髙岡 成道/髙岡オレンジ園
見た目が悪いのは安心のしるし。30年の歴史を持つ有機農家
■プロフィール
八代工業高校専門学校(現・熊本高等専門学校)を卒業した2011年、東京ガスグループのガス管を埋設する会社に就職。
現場監督などの仕事をしていたが、農作物関連のイベントで上京した父と一緒に消費者と交流をしたことがきっかけとなり、「家業を途絶えさせてはいけない」と、就農への意欲が高まる。
2014年5月、脱サラして自転車で熊本に帰省し、父のもとで就農。小祝政明氏が提唱するBLOF理論を父と一緒に学び始めて以来、アミノ酸の活用やミネラル分豊かな土づくりにこだわり、土壌分析を自分自身で行うようになる。有機JAS認証取得。
2020年に父から経営権を継承する。就農してから3年間で急激に増えたイノシシ対策として、熊本県の若手農家で作る「くまもと農家ハンター」でも活動中。
■農業を職業にした理由
柑橘農家の2代目として生まれ、「いつかは農業を継ぐんだろう」と考えていたが、父は30年前に、慣行栽培から有機農業に切り替えて、農協を脱退したことで味わった苦労を息子には経験させたくないと就農には猛反対。
出荷先で開催された交流会のために上京した父と一緒に、消費者と初めて交流したことがきっかけとなり、父が作るミカンを楽しみに待っている消費者のためにも途絶えさせてはいけないと就農を決意。
また東日本大震災が発生した年に東京で就職したことから、放射能の影響を考えるようになるともに、農薬や化学肥料に頼らない有機JAS栽培に関心を持つようになり、父と一緒にBLOF理論を学び、栽培に取り入れている。
■農業の魅力とは
農業は頑張ったら頑張った分だけ、成果が自分に戻ってきます。会社員ならば、頑張っても評価されなければ報われませんが、農業は努力すればお客さんからの評価として跳ね返ってきます。
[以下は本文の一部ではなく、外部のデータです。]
(* Let $s\geq 1$ and $t\geq 3$ be integers and $\delta>0$. Let $G$ be a bipartite graph with bipartition $A\cup B$, $|B|=n$, containing no copy of $L'_{s,t}$ as a subgraph, such that every vertex of $A$ has degree at least $\delta$ in $G$. Then for every subset $U\subseteq A$ with $|U|\geq \frac{8(s+t)n}{\delta}$ and $|U|\geq 2$, the number of light edges of $W_G$ with both endpoints in $U$ is at least $\frac{\delta^2}{8(s+t)^3 n}\binom{|U|}{2}$.
   Context: For a bipartite graph $G$ with bipartition $A\cup B$, write $d_G(u,v)=|N_G(u)\cap N_G(v)|$ for $u,v\in A$, where $N_G(x)$ is the neighbourhood of $x$ in $G$. The neighbourhood graph $W_G$ is the weighted graph on $A$ where the pair $uv$ has weight $d_G(u,v)$. A pair $uv$ of distinct vertices of $A$ is a light edge if $1\leq d_G(u,v)<\binom{s+t-1}{2}$. The subdivision of a graph $L$ is the bipartite graph with parts $V(L)$ and $E(L)$ in which $v\in V(L)$ is adjacent to $e\in E(L)$ iff $v$ is an endpoint of $e$. $L_{s,t}$ is the graph on vertex set $S\cup T$, $S\cap T=\emptyset$, $|S|=s$, $|T|=t-1$, where distinct $x,y$ are adjacent iff $x\in T$ or $y\in T$; $L'_{s,t}$ is its subdivision. *)

theory Defs
  imports Complex_Main
begin

definition bipartite_graph :: "'a set \<Rightarrow> 'a set \<Rightarrow> ('a \<times> 'a) set \<Rightarrow> bool" where
  "bipartite_graph A B E \<longleftrightarrow> finite A \<and> finite B \<and> A \<inter> B = {} \<and> E \<subseteq> A \<times> B"

definition adj :: "('a \<times> 'a) set \<Rightarrow> 'a \<Rightarrow> 'a \<Rightarrow> bool" where
  "adj E x y \<longleftrightarrow> (x, y) \<in> E \<or> (y, x) \<in> E"

definition nbhd :: "'a set \<Rightarrow> 'a set \<Rightarrow> ('a \<times> 'a) set \<Rightarrow> 'a \<Rightarrow> 'a set" where
  "nbhd A B E x = {y \<in> A \<union> B. adj E x y}"

definition codeg :: "'a set \<Rightarrow> 'a set \<Rightarrow> ('a \<times> 'a) set \<Rightarrow> 'a \<Rightarrow> 'a \<Rightarrow> nat" where
  "codeg A B E u v = card (nbhd A B E u \<inter> nbhd A B E v)"

text \<open>Light edge of the neighbourhood graph W_G.\<close>
definition light_edge :: "nat \<Rightarrow> nat \<Rightarrow> 'a set \<Rightarrow> 'a set \<Rightarrow> ('a \<times> 'a) set \<Rightarrow> 'a \<Rightarrow> 'a \<Rightarrow> bool" where
  "light_edge s t A B E u v \<longleftrightarrow> u \<in> A \<and> v \<in> A \<and> u \<noteq> v \<and>
     1 \<le> codeg A B E u v \<and> codeg A B E u v < (s + t - 1) choose 2"

definition num_light_edges :: "nat \<Rightarrow> nat \<Rightarrow> 'a set \<Rightarrow> 'a set \<Rightarrow> ('a \<times> 'a) set \<Rightarrow> 'a set \<Rightarrow> nat" where
  "num_light_edges s t A B E U =
     card {{u, v} | u v. u \<in> U \<and> v \<in> U \<and> light_edge s t A B E u v}"

definition L_S :: "nat \<Rightarrow> (nat + nat) set" where
  "L_S s = Inl ` {..<s}"
definition L_T :: "nat \<Rightarrow> (nat + nat) set" where
  "L_T t = Inr ` {..<t - 1}"
definition L_V :: "nat \<Rightarrow> nat \<Rightarrow> (nat + nat) set" where
  "L_V s t = L_S s \<union> L_T t"
definition L_E :: "nat \<Rightarrow> nat \<Rightarrow> (nat + nat) set set" where
  "L_E s t = {{x, y} | x y. x \<in> L_V s t \<and> y \<in> L_V s t \<and> x \<noteq> y \<and> (x \<in> L_T t \<or> y \<in> L_T t)}"

definition contains_subdivision ::
  "'v set \<Rightarrow> 'v set set \<Rightarrow> 'a set \<Rightarrow> 'a set \<Rightarrow> ('a \<times> 'a) set \<Rightarrow> bool" where
  "contains_subdivision V Es A B E \<longleftrightarrow>
     (\<exists>f. inj_on f (Inl ` V \<union> Inr ` Es) \<and> f ` (Inl ` V \<union> Inr ` Es) \<subseteq> A \<union> B \<and>
          (\<forall>v\<in>V. \<forall>e\<in>Es. v \<in> e \<longrightarrow> adj E (f (Inl v)) (f (Inr e))))"

definition contains_L'_st :: "nat \<Rightarrow> nat \<Rightarrow> 'a set \<Rightarrow> 'a set \<Rightarrow> ('a \<times> 'a) set \<Rightarrow> bool" where
  "contains_L'_st s t A B E \<longleftrightarrow> contains_subdivision (L_V s t) (L_E s t) A B E"

end

theory Submission
  imports Defs
begin

text \<open>
  Fix a vertex b \<in> B and let X_b be its neighbourhood in U.  Any s + t - 1 vertices of X_b have the
  common neighbour b, so if no two of them formed a light edge they would be pairwise joined by at
  least C = binom(s+t-1, 2) common neighbours, and a greedy choice of distinct common neighbours for
  the edges of L_{s,t} would embed L'_{s,t}.  Hence the light edges inside X_b form a graph with
  independence number less than s + t - 1, and Turan's theorem (in complement form) gives at
  least |X_b|^2/(s+t-2) - |X_b| ordered light pairs in X_b.  Summing over b, Cauchy--Schwarz and
  \<Sum>_b |X_b| \<ge> |U|\<delta> \<ge> 8(s+t)n give of the order of (|U|\<delta>)^2/((s+t)n) ordered light pairs counted
  with multiplicity, while each light pair uv is counted only d_G(u,v) < C \<le> (s+t)^2/2 times.
\<close>

lemma ex_inj_choice:
  assumes "finite I" "card I \<le> c" "\<And>i. i \<in> I \<Longrightarrow> finite (S i) \<and> c \<le> card (S i)"
  shows "\<exists>h. inj_on h I \<and> (\<forall>i\<in>I. h i \<in> S i)"
  using assms
proof (induction I rule: finite_induct)
  case empty
  then show ?case by auto
next
  case (insert i I)
  then obtain h where h: "inj_on h I" "\<forall>j\<in>I. h j \<in> S j" by auto
  have "card (h ` I) < card (S i)"
    using card_image_le[OF insert(1), of h] insert by fastforce
  then obtain x where x: "x \<in> S i" "x \<notin> h ` I"
    by (meson card_mono finite_imageI insert(1) not_le subsetI)
  have "inj_on (h(i := x)) (insert i I) \<and> (\<forall>j\<in>insert i I. (h(i := x)) j \<in> S j)"
    using h x insert(2) by (auto simp: inj_on_def)
  then show ?case by blast
qed

lemma card_le_mult_card_image:
  assumes "finite P" "\<And>y. y \<in> f ` P \<Longrightarrow> card {p \<in> P. f p = y} \<le> k"
  shows "card P \<le> k * card (f ` P)"
proof -
  have "card P = (\<Sum>y\<in>f ` P. card {p \<in> P. f p = y})"
    using sum.group[where S=P and T="f ` P" and g=f and h="\<lambda>_. 1::nat"] assms(1) by simp
  also have "\<dots> \<le> (\<Sum>y\<in>f ` P. k)"
    using assms(2) by (rule sum_mono)
  finally show ?thesis
    by (simp add: mult.commute)
qed

lemma sum_card_filter_swap:
  assumes "finite A" "finite B"
  shows "(\<Sum>a\<in>A. card {b \<in> B. R a b}) = (\<Sum>b\<in>B. card {a \<in> A. R a b})"
  using sum.swap_restrict[OF assms, of "\<lambda>_ _. 1::nat" R] by simp

lemma square_sum_le_card_mult_sum_squares:
  fixes x :: "'i \<Rightarrow> real"
  shows "(\<Sum>i\<in>I. x i)^2 \<le> real (card I) * (\<Sum>i\<in>I. (x i)^2)"
proof -
  have "0 \<le> (\<Sum>i\<in>I. \<Sum>j\<in>I. (x i - x j)^2)"
    by (intro sum_nonneg) auto
  also have "\<dots> = (\<Sum>i\<in>I. \<Sum>j\<in>I. (x i)^2) + (\<Sum>i\<in>I. \<Sum>j\<in>I. (x j)^2)
      - 2 * (\<Sum>i\<in>I. \<Sum>j\<in>I. x i * x j)"
    by (simp add: power2_diff sum.distrib sum_subtractf sum_distrib_left mult.assoc)
  also have "\<dots> = 2 * real (card I) * (\<Sum>i\<in>I. (x i)^2) - 2 * (\<Sum>i\<in>I. x i)^2"
    by (simp add: power2_eq_square sum_distrib_left mult.assoc flip: sum_product)
  finally show ?thesis
    by simp
qed

lemma power2_add_div_le:
  fixes a b r :: real
  assumes "r > 0"
  shows "(a + b)^2 / (r + 1) \<le> a^2 + b^2 / r"
proof -
  have "r * (a + b)^2 \<le> r * (r + 1) * a^2 + (r + 1) * b^2"
    using zero_le_power2[of "r * a - b"] by (simp add: power2_eq_square algebra_simps)
  then show ?thesis
    using assms by (simp add: field_simps)
qed

lemma two_mult_choose_two_le_square: "2 * real (m choose 2) \<le> real m ^ 2"
proof -
  have "2 * (m choose 2) \<le> m * (m - 1)"
    unfolding choose_two by (rule times_div_less_eq_dividend)
  also have "\<dots> \<le> m * m"
    by (rule mult_le_mono2) simp
  finally have "real (2 * (m choose 2)) \<le> real (m * m)"
    by (rule of_nat_mono)
  then show ?thesis
    by (simp add: power2_eq_square)
qed

section \<open>Graphs without large independent sets\<close>

definition ordered_edges :: "('v \<Rightarrow> 'v \<Rightarrow> bool) \<Rightarrow> 'v set \<Rightarrow> ('v \<times> 'v) set" where
  "ordered_edges F X = {(u, v). u \<in> X \<and> v \<in> X \<and> u \<noteq> v \<and> F u v}"

definition degree_in :: "('v \<Rightarrow> 'v \<Rightarrow> bool) \<Rightarrow> 'v set \<Rightarrow> 'v \<Rightarrow> nat" where
  "degree_in F X u = card {w \<in> X. w \<noteq> u \<and> F u w}"

definition no_independent_set_of_size :: "('v \<Rightarrow> 'v \<Rightarrow> bool) \<Rightarrow> 'v set \<Rightarrow> nat \<Rightarrow> bool" where
  "no_independent_set_of_size F X k \<longleftrightarrow> (\<forall>Y\<subseteq>X. card Y = k \<longrightarrow> (\<exists>u\<in>Y. \<exists>v\<in>Y. u \<noteq> v \<and> F u v))"

lemma finite_ordered_edges: "finite X \<Longrightarrow> finite (ordered_edges F X)"
  by (rule finite_subset[of _ "X \<times> X"]) (auto simp: ordered_edges_def)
父は僕が生まれた32年前に、農協を離れて有機栽培に転向したので、市場出荷ができなくなり、電話帳を片手に営業したり、手紙を書いたりして、お客さんを開拓していきました。有機農業が今ほど浸透していなかった当時は、大変苦労したようです。
現在は産直サイトを利用する子育て世代のお客さんから感謝のコメントもいただいていますし、その子たちが未来のお客になってくれると思うと、やりがいを感じます。
就農した直後から、両親と一緒に販売価格を決めていましたが、肥料や資材費の高騰を差し引いても、売上は増加しています。
有機栽培で作られた柑橘類は、消毒したり、ワックスをかけていないので、見た目は悪いですが、これこそ安全なしるしだとして、生協や首都圏や関西の有機農業系スーパーから高い評価を受けています。
市場出荷している農家に比べたら、消費者の顔が見える分、真摯に向き合おうと常に心がけてます。
■今後の展望
2020年に父から経営権を引き継ぎました。父は現状維持を希望していますが、地域の農家が高齢化している今、地域の農業を守るためにも廃業した農地を買い取ったり、借り受けたりして農地を拡大していきたいと考えています。
規模拡大に伴って生産力もアップするし、その分、販路の拡大が期待できます。柑橘農家は9月のレモンに始まり、秋から冬にかけて収穫期を迎えるので、収穫時期が異なる25品種を育てることで農繁期が一極集中しないように工夫しています。
その分、収入源がなくなる夏場には、売り物にならないミカンを原料に加工を委託しているみかんジュースを販売しています。また、くまもと農業経営塾への参加を通じて、いつかは法人化に挑戦したいと考えています。